Well, that was too bad. Hallucination wasn’t an uncommon side effect, but I hadn’t expected it with such a brief dose.

“Well, I imagine it was just a bit of nightmare,” I said soothingly. “You know, it’s a form of sleep, so it’s not surprising that you might get the odd bit of dreaming now and then.”

To my surprise, Lizzie shook her head at this.

“Oh, no, ma’am,” she said. “It’s no sleep at all. When ye sleep, ken, ye give your soul up to the angels’ keeping, so as no ghoulies shall come near. But this …” Frowning, she eyed the bottle of ether, now safely corked again, then looked at me.

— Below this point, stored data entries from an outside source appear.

(* Let $\kappa\ge 1$ and $\tau\ge 0$ be integers such that $\chi(J)\le\tau$ for every digraph $J$ with $\omega(J)<\kappa$ having no disoriented long hole. Let $G$ be a digraph with $\omega(G)\le\kappa$ having no disoriented long hole. Then for every vertex $z$ of $G$ and every integer $r\ge1$, $\chi(N^r(z))\le 3\tau\,\chi(N^{r-1}(z))$. Consequently $\chi(N^r(z))\le\tau(3\tau)^{r-1}$ for all $r\ge 1$, and $\chi(N^s(z))\le(3\tau)^{s-r}\chi(N^r(z))$ for all $s\ge r\ge 1$.
   Context: Digraphs are finite, with no loops, parallel edges or antiparallel pairs; $G^*$ denotes the underlying undirected graph and $\chi,\omega$ refer to $G^*$; for $X\subseteq V(G)$, $\chi(X)=\chi(G[X])$. $N^r(z)$ is the set of vertices at distance exactly $r$ from $z$ in $G^*$. A hole of a digraph $G$ is an induced subdigraph $C$ such that $C^*$ is an induced cycle of $G^*$ of length at least four; it is long if its length is at least five. A hole $C$ is directed if every vertex has outdegree exactly one in $C$; alternating if every vertex has outdegree two or zero in $C$; and disoriented if it is neither directed nor alternating. *)

theory Defs
  imports Main
begin

definition digraph :: "'a set \<Rightarrow> ('a \<times> 'a) set \<Rightarrow> bool" where
  "digraph V A \<longleftrightarrow> finite V \<and> A \<subseteq> V \<times> V \<and> (\<forall>v. (v, v) \<notin> A)
     \<and> (\<forall>u v. (u, v) \<in> A \<longrightarrow> (v, u) \<notin> A)"

definition adj :: "('a \<times> 'a) set \<Rightarrow> 'a \<Rightarrow> 'a \<Rightarrow> bool" where
  "adj A u v \<longleftrightarrow> (u, v) \<in> A \<or> (v, u) \<in> A"

definition chi :: "('a \<times> 'a) set \<Rightarrow> 'a set \<Rightarrow> nat" where
  "chi A X = (LEAST k. \<exists>f :: 'a \<Rightarrow> nat. (\<forall>x\<in>X. f x < k)
       \<and> (\<forall>u\<in>X. \<forall>v\<in>X. adj A u v \<longrightarrow> f u \<noteq> f v))"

“I did wonder,” she said, “where does your soul go?”

“Er …” I said. “Well, I should think it simply stays with your body. It must. I mean—you aren’t dead.”

Both Lizzie and Bobby were shaking their heads decidedly.

“No, it doesn’t,” Lizzie said. “When ye’re sleepin’, ye’re still there. When ye do that”—she gestured toward the mask, a faint uneasiness on her small features—“ye’re not.”

“That’s true, mum,” Bobby assured me. “You’re not.”

“D’ye think maybe ye go to limbo, wi’ the unbaptized babes and all?” Lizzie asked anxiously.

Malva gave an unladylike snort.

“Limbo’s no real place,” she said. “It’s only a notion thought up by the Pope.”

Lizzie’s mouth dropped open in shock at this blasphemy, but Bobby luckily distracted her by feeling dizzy and requiring to lie down.

Malva seemed inclined to go on with the argument, but beyond repeating, “The Pope …” once or twice, simply stood, swaying to and fro with her mouth open, blinking a little. I glanced at Lizzie, only to find her glassy-eyed as well. She gave an enormous yawn and blinked at me, eyes watering.

It occurred to me that I was beginning to feel a trifle light-headed myself.

“Goodness!” I snatched the ether mask from Malva’s hand, and guided her hastily to a stool. “Let me get rid of this, or we’ll all be giddy.”

I flipped open the mask, pulled the damp wad of cotton wool out of it, and carried it outside at arm’s length. I’d opened both the surgery windows, to provide ventilation and save us all being gassed, but ether was insidious. Heavier than air, it tended to sink toward the floor of a room and accumulate there, unless there was a fan or some other device to remove it. I might have to operate in the open air, I thought, were I using it for any length of time.